The workflow is enabled by setting the too_much_data boolean in case.configure_forcings. This triggers the copying of a script folder into the case input directory forcing folder and the generation of a configuration file to download the required boundary condition files. An example of this is in CrocoGallery under features/add_data_products.ipynb. Users can trigger the workflow by running driver.py in the forcing folder and adjusting config options in the config file.

Folder Structure#

  • config.json – Defines the region-specific requirements and run parameters.

  • README – Explains the workflow.

  • driver.py – Executes all scripts needed to obtain OBC data.

  • Code/ – Contains all scripts used in the workflow.

  • raw_data/, regridded_data/ – Intermediate storage for workflow steps, preventing the need to rerun all scripts at once.

Scripts#

  1. get_data_piecewise – Retrieves raw, unprocessed data in chunks (size defined by config["params"]["step"]) and saves it to config["raw_data"].

  2. regrid_data_piecewise – Processes raw data and stores it in config["regridded_data"].

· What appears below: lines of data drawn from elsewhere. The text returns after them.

lemma admissible_R: "admissible f \<Longrightarrow> r \<in> R \<Longrightarrow> f r \<in> R"
  by (simp add: admissible_def)

lemma admissible_add_R: "admissible f \<Longrightarrow> r \<in> R \<Longrightarrow> f (x + r) = f x + f r"
  by (simp add: admissible_def)

lemma admissible_add_mod_R: "admissible f \<Longrightarrow> f (x + y) - f x - f y \<in> R"
  by (simp add: admissible_def)

lemma admissible_zero: "admissible f \<Longrightarrow> f 0 = 0"
  using admissible_add_R[of f 0 0] by simp

lemma admissible_diff_mod_R: "admissible f \<Longrightarrow> f (x - y) - (f x - f y) \<in> R"
proof -
  assume "admissible f"
  then have "f x - f (x - y) - f y \<in> R"
    using admissible_add_mod_R[of f "x - y" y] by simp
  then have "- (f x - f (x - y) - f y) \<in> R" by (simp only: group_closure_minus_iff)
  also have "- (f x - f (x - y) - f y) = f (x - y) - (f x - f y)" by (simp add: algebra_simps)
  finally show ?thesis .
qed

lemma admissible_id: "admissible id"
  by (rule admissibleI) simp_all

lemma admissible_g: "admissible g"
  using g_R g_add_Rad R_subset_Rad g_add_mod_R by (intro admissibleI) auto

lemma admissible_inv_g: "admissible (inv g)"
  using inv_g_R inv_g_add_Rad R_subset_Rad inv_g_add_mod_R by (intro admissibleI) auto

lemma admissible_comp:
  assumes f: "admissible f" and f': "admissible f'"
  shows "admissible (f \<circ> f')"
proof (rule admissibleI)
  show "(f \<circ> f') r \<in> R" if "r \<in> R" for r
    using admissible_R[OF f admissible_R[OF f' that]] by simp
  show "(f \<circ> f') (x + r) = (f \<circ> f') x + (f \<circ> f') r" if "r \<in> R" for x r
    using admissible_add_R[OF f' that, of x] admissible_add_R[OF f admissible_R[OF f' that], of "f' x"]
    by simp
  show "(f \<circ> f') (x + y) - (f \<circ> f') x - (f \<circ> f') y \<in> R" for x y
  proof -
    define \<rho> where "\<rho> = f' (x + y) - f' x - f' y"
    have \<rho>: "\<rho> \<in> R" unfolding \<rho>_def using f' by (rule admissible_add_mod_R)
    have "f (f' (x + y)) = f (f' x + f' y) + f \<rho>"
      using admissible_add_R[OF f \<rho>, of "f' x + f' y"] by (simp add: \<rho>_def)
    then have "f (f' (x + y)) - f (f' x) - f (f' y) = (f (f' x + f' y) - f (f' x) - f (f' y)) + f \<rho>"
      by (simp add: algebra_simps)
    also have "\<dots> \<in> R"
      using admissible_add_mod_R[OF f] admissible_R[OF f \<rho>] by (rule group_closure_add)
    finally show ?thesis by simp
  qed
qed

lemma admissible_funpow: "admissible f \<Longrightarrow> admissible (f ^^ k)"
  by (induction k) (simp_all add: admissible_id admissible_comp)

lemma admissible_gpow: "admissible (gpow g k)"
  by (simp add: gpow_def admissible_funpow admissible_g admissible_inv_g)

lemmas gpow_R = admissible_R[OF admissible_gpow]

lemmas gpow_add_R = admissible_add_R[OF admissible_gpow]

lemmas gpow_add_mod_R = admissible_add_mod_R[OF admissible_gpow]

lemmas gpow_zero [simp] = admissible_zero[OF admissible_gpow]

lemma gpow_mod_minus:
  assumes "g ^^ n = id"
  shows "gpow g (- (k mod int n)) = gpow g (- k)"
  using gpow_mod[OF bij_g assms, of "- (k mod int n)"] gpow_mod[OF bij_g assms, of "- k"]
  by (simp add: mod_minus_eq)

abbreviation Rcomm :: "'a set" where
  "Rcomm \<equiv> group_closure (Img \<gamma> \<union> {x - g x | x. True})"

lemma R_subset_Rcomm: "R \<subseteq> Rcomm"
  by (rule group_closure_mono) auto
(* The variety $\mathsf{V}(S_{(4,390)})$ is the ai-semiring variety defined by the identities $x^2y\approx xy$; $xyz\approx yxz$; $x^2y^2\approx (xy)^2$; $x^2y^2\approx y^2x^2$; $xyz\approx xyz+y$, $xy\approx xy+y$, $yz\approx yz+y$; $x^2+yz\approx x^2yz$; $x_1x_2^2+x_3x_4^2\approx x_1x_2x_3x_4^2$; and $x_1x_2+x_3x_4\approx x_1x_2+x_3x_4+x_1x_3^2$.
   Context: An ai-semiring is an algebra $(S,+,\cdot)$ with $(S,+)$ a semilattice, $(S,\cdot)$ a semigroup, and both distributive laws. $\mathsf{V}(S)$ is the variety generated by $S$; "the ai-semiring variety defined by identities $\Sigma$" is the class of all ai-semirings satisfying $\Sigma$. $S_{(4,390)}$ has carrier $\{1,2,3,4\}$; addition: $x+x=x$, $2+x=x$, $1+x=1$ for all $x$, $3+4=1$; multiplication (row $a$, column $b$ gives $a\cdot b$): row $1$: $1,1,1,1$; row $2$: $1,2,1,4$; row $3$: $1,1,1,1$; row $4$: $1,1,1,1$. *)

theory Defs
  imports Main
begin

datatype trm = V nat | Pl trm trm | Ml trm trm

fun eval :: "('a \<Rightarrow> 'a \<Rightarrow> 'a) \<Rightarrow> ('a \<Rightarrow> 'a \<Rightarrow> 'a) \<Rightarrow> (nat \<Rightarrow> 'a) \<Rightarrow> trm \<Rightarrow> 'a" where
  "eval ad mu \<rho> (V i) = \<rho> i"
| "eval ad mu \<rho> (Pl s t) = ad (eval ad mu \<rho> s) (eval ad mu \<rho> t)"
| "eval ad mu \<rho> (Ml s t) = mu (eval ad mu \<rho> s) (eval ad mu \<rho> t)"

definition ai_semiring :: "'a set \<Rightarrow> ('a \<Rightarrow> 'a \<Rightarrow> 'a) \<Rightarrow> ('a \<Rightarrow> 'a \<Rightarrow> 'a) \<Rightarrow> bool" where
  "ai_semiring A ad mu \<longleftrightarrow>
     (\<forall>x\<in>A. \<forall>y\<in>A. ad x y \<in> A \<and> mu x y \<in> A) \<and>
     (\<forall>x\<in>A. \<forall>y\<in>A. \<forall>z\<in>A. ad (ad x y) z = ad x (ad y z)) \<and>
     (\<forall>x\<in>A. \<forall>y\<in>A. ad x y = ad y x) \<and>
     (\<forall>x\<in>A. ad x x = x) \<and>
     (\<forall>x\<in>A. \<forall>y\<in>A. \<forall>z\<in>A. mu (mu x y) z = mu x (mu y z)) \<and>
     (\<forall>x\<in>A. \<forall>y\<in>A. \<forall>z\<in>A. mu x (ad y z) = ad (mu x y) (mu x z)) \<and>
     (\<forall>x\<in>A. \<forall>y\<in>A. \<forall>z\<in>A. mu (ad y z) x = ad (mu y x) (mu z x))"

definition sat :: "'a set \<Rightarrow> ('a \<Rightarrow> 'a \<Rightarrow> 'a) \<Rightarrow> ('a \<Rightarrow> 'a \<Rightarrow> 'a) \<Rightarrow> trm \<times> trm \<Rightarrow> bool" where
  "sat A ad mu e \<longleftrightarrow> (\<forall>\<rho>. (\<forall>i. \<rho> i \<in> A) \<longrightarrow> eval ad mu \<rho> (fst e) = eval ad mu \<rho> (snd e))"

definition S390 :: "nat set" where "S390 = {1,2,3,4}"
lemma beta_binomial_marginal:
  fixes A B :: real
  assumes "A > 0" "B > 0"
  shows set_integrable_Bin_beta_dens: "set_integrable lborel {0..1} (\<lambda>t. Bin y m t * beta_dens A B t)"
    and integral_Bin_beta_dens: "(LBINT t:{0..1}. Bin y m t * beta_dens A B t) = beta_binomial y m A B"
proof -
  have pos: "A + real y > 0" "B + real (m - y) > 0" using assms by auto
  have eq: "\<And>t. t \<in> {0..1} \<Longrightarrow> Bin y m t * beta_dens A B t
      = beta_binomial y m A B * beta_dens (A + real y) (B + real (m - y)) t"
    using Bin_mult_beta_dens[OF assms] by blast
  show "set_integrable lborel {0..1} (\<lambda>t. Bin y m t * beta_dens A B t)"
    using set_integrable_beta_dens[OF pos]
    by (subst set_integrable_cong[OF refl refl eq]) auto
  have "(LBINT t:{0..1}. Bin y m t * beta_dens A B t)
      = (LBINT t:{0..1}. beta_binomial y m A B * beta_dens (A + real y) (B + real (m - y)) t)"
    using eq by (intro set_lebesgue_integral_cong) auto
  then show "(LBINT t:{0..1}. Bin y m t * beta_dens A B t) = beta_binomial y m A B"
    using integral_beta_dens[OF pos] by simp
qed

lemma set_integral_sum:
  fixes f :: "'i \<Rightarrow> 'a \<Rightarrow> real"
  assumes "\<And>i. i \<in> I \<Longrightarrow> set_integrable M A (f i)"
  shows "(LINT x:A|M. (\<Sum>i\<in>I. f i x)) = (\<Sum>i\<in>I. LINT x:A|M. f i x)"
  using assms unfolding set_lebesgue_integral_def set_integrable_def
  by (simp add: sum_distrib_left integral_sum)

lemma integral_Bin_beta_mixture:
  fixes A B c :: "'i \<Rightarrow> real"
  assumes "\<And>p. p \<in> P \<Longrightarrow> A p > 0 \<and> B p > 0"
  shows "(LBINT t:{0..1}. Bin y m t * (\<Sum>p\<in>P. c p * beta_dens (A p) (B p) t))
       = (\<Sum>p\<in>P. c p * beta_binomial y m (A p) (B p))"
proof -
  have "(LBINT t:{0..1}. Bin y m t * (\<Sum>p\<in>P. c p * beta_dens (A p) (B p) t))
      = (LBINT t:{0..1}. (\<Sum>p\<in>P. c p * (Bin y m t * beta_dens (A p) (B p) t)))"
    by (simp add: sum_distrib_left mult_ac)
  also have "\<dots> = (\<Sum>p\<in>P. c p * (LBINT t:{0..1}. Bin y m t * beta_dens (A p) (B p) t))"
    using assms by (simp add: set_integral_sum set_integrable_Bin_beta_dens)
  also have "\<dots> = (\<Sum>p\<in>P. c p * beta_binomial y m (A p) (B p))"
    using assms by (simp add: integral_Bin_beta_dens)
  finally show ?thesis .
qed

lemma samp_factor:
  "samp n00 n01 n10 n11 \<eta> \<theta> \<gamma> =
     Bin (n01 + n10) (n00 + n01 + n10 + n11) \<eta> * Bin n01 (n01 + n10) \<theta> * Bin n00 (n00 + n11) \<gamma>"
  by (simp add: samp_def Let_def)

text \<open>The weights are the prior predictive probabilities of the imaginary counts
  \<open>(i, j)\<close> under \<open>H\<^sub>0\<close>.\<close>
lemma pI_eta_theta_mixture:
  fixes a00 a01 a10 a11 :: real
  assumes "a00 > 0" "a01 > 0" "a10 > 0" "a11 > 0" "\<eta> \<in> {0..1}" "\<theta> \<in> {0..1}"
  shows "pI_eta_theta a00 a01 a10 a11 xpp \<eta> \<theta> =
    (\<Sum>(i, j)\<in>xset xpp.
       multi3 xpp i j / 2 ^ (i + j)
       * (Beta (a01 + a10 + real (i + j)) (a00 + a11 + real (xpp - (i + j))) / Beta (a01 + a10) (a00 + a11))
       * beta_dens (a01 + a10 + real (i + j)) (a00 + a11 + real (xpp - (i + j))) \<eta>
       * beta_dens (a01 + real i) (a10 + real j) \<theta>)" (is "_ = ?mixture")
proof -
  have A: "a01 + a10 > 0" and B: "a00 + a11 > 0" using assms by auto
  have Beta_ij: "Beta (a01 + real i) (a10 + real j) \<noteq> 0" for i j
    using assms Beta_real_pos[of "a01 + real i" "a10 + real j"] by simp
  have "a00 + a01 + a10 + a11 - (a01 + a10) = a00 + a11" by simp
  then have "pI_eta_theta a00 a01 a10 a11 xpp \<eta> \<theta> =
    (\<Sum>(i, j)\<in>xset xpp. multi3 xpp i j / 2 ^ (i + j) * Beta a01 a10 / Beta (a01 + real i) (a10 + real j)
       * (\<eta> ^ (i + j) * (1 - \<eta>) ^ (xpp - (i + j)) * beta_dens (a01 + a10) (a00 + a11) \<eta>)
       * (\<theta> ^ i * (1 - \<theta>) ^ j * beta_dens a01 a10 \<theta>))"
    unfolding pI_eta_theta_def Let_def sum_distrib_left power_mult_distrib power_add
    using Beta_ij by (intro sum.cong refl) (auto simp: field_simps)
  also have "\<dots> = ?mixture"
    using assms A B Beta_ij[of 0 0] Beta_ij by (intro sum.cong refl) (auto simp: beta_dens_tilt)
  finally show ?thesis .
qed

lemma mI_eq:
  fixes a00 a01 a10 a11 :: real
  assumes "a00 > 0" "a01 > 0" "a10 > 0" "a11 > 0"
  shows "mI a00 a01 a10 a11 xpp n00 n01 n10 n11 = beta_binomial n00 (n00 + n11) a00 a11 *
    (\<Sum>(i, j)\<in>xset xpp.
       multi3 xpp i j / 2 ^ (i + j)
       * (Beta (a01 + a10 + real (i + j)) (a00 + a11 + real (xpp - (i + j))) / Beta (a01 + a10) (a00 + a11))
       * beta_binomial (n01 + n10) (n00 + n01 + n10 + n11)
           (a01 + a10 + real (i + j)) (a00 + a11 + real (xpp - (i + j)))
       * beta_binomial n01 (n01 + n10) (a01 + real i) (a10 + real j))"
proof -
  define w where "w = (\<lambda>(i, j). multi3 xpp i j / 2 ^ (i + j)
       * (Beta (a01 + a10 + real (i + j)) (a00 + a11 + real (xpp - (i + j))) / Beta (a01 + a10) (a00 + a11)))"
  define A where "A = (\<lambda>(i, j). a01 + a10 + real (i + j))"
  define B where "B = (\<lambda>(i, j). a00 + a11 + real (xpp - (i + j)))"
  define C where "C = (\<lambda>(i, j::nat). a01 + real i)"
  define D where "D = (\<lambda>(i::nat, j). a10 + real j)"
  define L\<eta> where "L\<eta> = Bin (n01 + n10) (n00 + n01 + n10 + n11)"
  define L\<theta> where "L\<theta> = Bin n01 (n01 + n10)"
  define g where "g = beta_binomial n00 (n00 + n11) a00 a11"
  have pos: "A p > 0 \<and> B p > 0 \<and> C p > 0 \<and> D p > 0" for p
    using assms by (auto simp: A_def B_def C_def D_def split: prod.split)
  have mixture: "pI_eta_theta a00 a01 a10 a11 xpp \<eta> \<theta> =
      (\<Sum>p\<in>xset xpp. w p * beta_dens (A p) (B p) \<eta> * beta_dens (C p) (D p) \<theta>)"
    if "\<eta> \<in> {0..1}" "\<theta> \<in> {0..1}" for \<eta> \<theta>
    using pI_eta_theta_mixture[OF assms that]
    by (simp add: w_def A_def B_def C_def D_def case_prod_unfold)
  have integral_\<gamma>: "(LBINT \<gamma>:{0..1}. samp n00 n01 n10 n11 \<eta> \<theta> \<gamma> * pI a00 a01 a10 a11 xpp \<eta> \<theta> \<gamma>)
      = L\<eta> \<eta> * L\<theta> \<theta> * pI_eta_theta a00 a01 a10 a11 xpp \<eta> \<theta> * g" for \<eta> \<theta>
  proof -
    have "(\<lambda>\<gamma>. samp n00 n01 n10 n11 \<eta> \<theta> \<gamma> * pI a00 a01 a10 a11 xpp \<eta> \<theta> \<gamma>)
        = (\<lambda>\<gamma>. (L\<eta> \<eta> * L\<theta> \<theta> * pI_eta_theta a00 a01 a10 a11 xpp \<eta> \<theta>)
                * (Bin n00 (n00 + n11) \<gamma> * beta_dens a00 a11 \<gamma>))"
      by (simp add: samp_factor pI_def L\<eta>_def L\<theta>_def mult_ac)
    then show ?thesis
      using integral_Bin_beta_dens[OF assms(1,4)] by (simp add: g_def)
  qed
  have integral_\<theta>: "(LBINT \<theta>:{0..1}. L\<eta> \<eta> * L\<theta> \<theta> * pI_eta_theta a00 a01 a10 a11 xpp \<eta> \<theta> * g)
      = L\<eta> \<eta> * (\<Sum>p\<in>xset xpp.
          (g * w p * beta_binomial n01 (n01 + n10) (C p) (D p)) * beta_dens (A p) (B p) \<eta>)"
    if "\<eta> \<in> {0..1}" for \<eta>
  proof -
    have "(LBINT \<theta>:{0..1}. L\<eta> \<eta> * L\<theta> \<theta> * pI_eta_theta a00 a01 a10 a11 xpp \<eta> \<theta> * g)
        = (LBINT \<theta>:{0..1}. (L\<eta> \<eta> * g) *
             (L\<theta> \<theta> * (\<Sum>p\<in>xset xpp. (w p * beta_dens (A p) (B p) \<eta>) * beta_dens (C p) (D p) \<theta>)))"
      using that by (intro set_lebesgue_integral_cong) (auto simp: mixture mult_ac)
    also have "\<dots> = (L\<eta> \<eta> * g) *
        (\<Sum>p\<in>xset xpp. (w p * beta_dens (A p) (B p) \<eta>) * beta_binomial n01 (n01 + n10) (C p) (D p))"
      unfolding set_integral_mult_right L\<theta>_def using pos by (subst integral_Bin_beta_mixture) auto
    finally show ?thesis
      by (simp add: sum_distrib_left mult_ac)
  qed
  have "mI a00 a01 a10 a11 xpp n00 n01 n10 n11
      = (LBINT \<eta>:{0..1}. L\<eta> \<eta> * (\<Sum>p\<in>xset xpp.
          (g * w p * beta_binomial n01 (n01 + n10) (C p) (D p)) * beta_dens (A p) (B p) \<eta>))"
    unfolding mI_def integral_\<gamma> by (intro set_lebesgue_integral_cong) (simp, use integral_\<theta> in blast)
  also have "\<dots> = (\<Sum>p\<in>xset xpp. (g * w p * beta_binomial n01 (n01 + n10) (C p) (D p))
                    * beta_binomial (n01 + n10) (n00 + n01 + n10 + n11) (A p) (B p))"
    unfolding L\<eta>_def using pos by (subst integral_Bin_beta_mixture) auto
  finally show ?thesis
    by (simp add: sum_distrib_left w_def A_def B_def C_def D_def g_def case_prod_unfold mult_ac)
qed
(* Let $H$ be a separable complex Hilbert space, $(\Omega,\mu)$ a measure space with positive measure, let $K\in B(H)$ have closed range, let $F:\Omega\to H$ be a Parseval continuous $K$-frame of $H$, and let $\tilde F(\omega)=K^{\dagger}F(\omega)$ be its canonical dual continuous $K$-Bessel sequence. Let $f\in H$. Then for any $c\in L^2(\Omega,\mu)$ satisfying $Kf=\int_\Omega c(\omega)F(\omega)\,d\mu(\omega)$, we have $$\int_\Omega|c(\omega)|^2\,d\mu(\omega)=\int_\Omega|c(\omega)-\langle f,\tilde F(\omega)\rangle|^2\,d\mu(\omega)+\int_\Omega|\langle f,\tilde F(\omega)\rangle|^2\,d\mu(\omega).$$
   Context: A map $F:\Omega\to H$ is weakly measurable if $\omega\mapsto\langle f,F(\omega)\rangle$ is measurable for every $f\in H$. A Parseval continuous $K$-frame is a weakly measurable $F$ with $\int_\Omega|\langle f,F(\omega)\rangle|^2\,d\mu(\omega)=\|K^{\ast}f\|^2$ for all $f\in H$. Integrals $\int_\Omega c(\omega)F(\omega)\,d\mu(\omega)$ are understood weakly. $K^{\dagger}$ is the Moore–Penrose pseudo-inverse of the closed-range operator $K$; the canonical dual continuous $K$-Bessel sequence of $F$ is $K^{\dagger}F$, which satisfies $Kg=\int_\Omega\langle g,K^\dagger F(\omega)\rangle F(\omega)\,d\mu(\omega)$ for all $g\in H$. *)

theory Defs
  imports "HOL-Analysis.Analysis" "HOL-Probability.Probability"
begin
lemma spec_le_rep_space_imp_subset:
  assumes "spec_le (rep_space X S) F G" and "closedin X G" and "F \<in> S" and "F \<subseteq> topspace X"
  shows "F \<subseteq> G"
proof
  fix x assume "x \<in> F"
  show "x \<in> G"
  proof (rule ccontr)
    assume "x \<notin> G"
    let ?T = "{H \<in> S. H \<inter> (topspace X - G) \<noteq> {}}"
    have open_T: "openin (rep_space X S) ?T"
      using assms(2) by (intro openin_rep_space) blast
    have F_T: "F \<in> ?T" using assms(3,4) \<open>x \<in> F\<close> \<open>x \<notin> G\<close> by blast
    have "G \<in> T" if "F \<in> T" "openin (rep_space X S) T" for T
      using assms(1) that unfolding spec_le_def in_closure_of by simp
    from this[OF F_T open_T] have "G \<in> ?T" .
    then show False by blast
  qed
qed

text \<open>The members of the family lying below either set of a closed cover of the union form
  closed subfamilies, so irreducibility of the family applies to them.\<close>
lemma irreducible_in_closure_Union_rep_space:
  assumes S: "\<forall>F\<in>S. closedin X F \<and> irreducible_in X F"
    and C: "C \<subseteq> topspace (rep_space X S)" "irreducible_in (rep_space X S) C"
  shows "irreducible_in X (X closure_of \<Union>C)"
  unfolding irreducible_in_def
proof (intro allI impI)
  fix F1 F2 assume F: "closedin X F1 \<and> closedin X F2 \<and> X closure_of \<Union>C \<subseteq> F1 \<union> F2"
  let ?D = "\<lambda>G. {F \<in> topspace (rep_space X S). F \<subseteq> G}"
  have S_sub: "\<forall>F\<in>S. F \<subseteq> topspace X" using S closedin_subset by blast
  have C_S: "C \<subseteq> S" using C(1) topspace_rep_space by blast
  then have "\<Union>C \<subseteq> X closure_of \<Union>C"
    using S_sub by (intro closure_of_subset) blast
  then have "\<Union>C \<subseteq> F1 \<union> F2" using F by blast
  then have "F \<subseteq> F1 \<or> F \<subseteq> F2" if "F \<in> C" for F
    using that C_S S F irreducible_inD[of X F F1 F2] by blast
  then have "C \<subseteq> ?D F1 \<union> ?D F2"
    using C(1) by blast
  moreover have "closedin (rep_space X S) (?D F1)" "closedin (rep_space X S) (?D F2)"
    using S_sub F closedin_rep_space_subset by blast+
  ultimately have "C \<subseteq> ?D F1 \<or> C \<subseteq> ?D F2"
    using irreducible_inD[OF C(2), of "?D F1" "?D F2"] by blast
  then have "\<Union>C \<subseteq> F1 \<or> \<Union>C \<subseteq> F2" by blast
  then show "X closure_of \<Union>C \<subseteq> F1 \<or> X closure_of \<Union>C \<subseteq> F2"
    using F closure_of_minimal by metis
qed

  3. merge_piecewise_dataset – Combines regridded data into the final dataset for model input.

How to Use#

  1. Identify and allocate available computing resources.

  2. Adjust the step parameter to match resource constraints (default: 5 days).

  3. Run each step manually or use driver.py as a guide.

Step 1: Trigger Large Data Workflow#

This can be done by setting the too_much_data bool to true.

case.configure_forcings(
    date_range = ["2020-01-01 00:00:00", "2020-01-09 00:00:00"],
    too_much_data = True
)
---------------------------------------------------------------------------
NameError                                 Traceback (most recent call last)
Input In [1], in <cell line: 0>()
----> 1 case.configure_forcings(
      2     date_range = ["2020-01-01 00:00:00", "2020-01-09 00:00:00"],
      3     too_much_data = True
      4 )

NameError: name 'case' is not defined

Step 2: Run the iterative OBC processor#

In a terminal session, locate the large_data_workflow folder, which is put in the case input directory under the forcing folder, default called “glorys/large_data_workflow”. Then, execute the driver.py to generate boundary conditions. It uses the config.json file to generate the OBCs in a piecewise format before merging. Modify the code as you see fit!

Especially consider adjusting the specific function being used in config.json to download the data. For example, On Derecho? Using the RDA reader. On a local computer? Use the python GLORYS api. You can change the function by changing the respective line in config.json.

Step 3: Process forcing data#

In this final step, we call the process_forcings method of CrocoDash to interpolate the initial condition as well as all boundaries. CrocoDash also updates MOM6 runtime parameters and CESM xml variables accordingly. It will auto skip the OBCs because of the large data workflow.

case.process_forcings()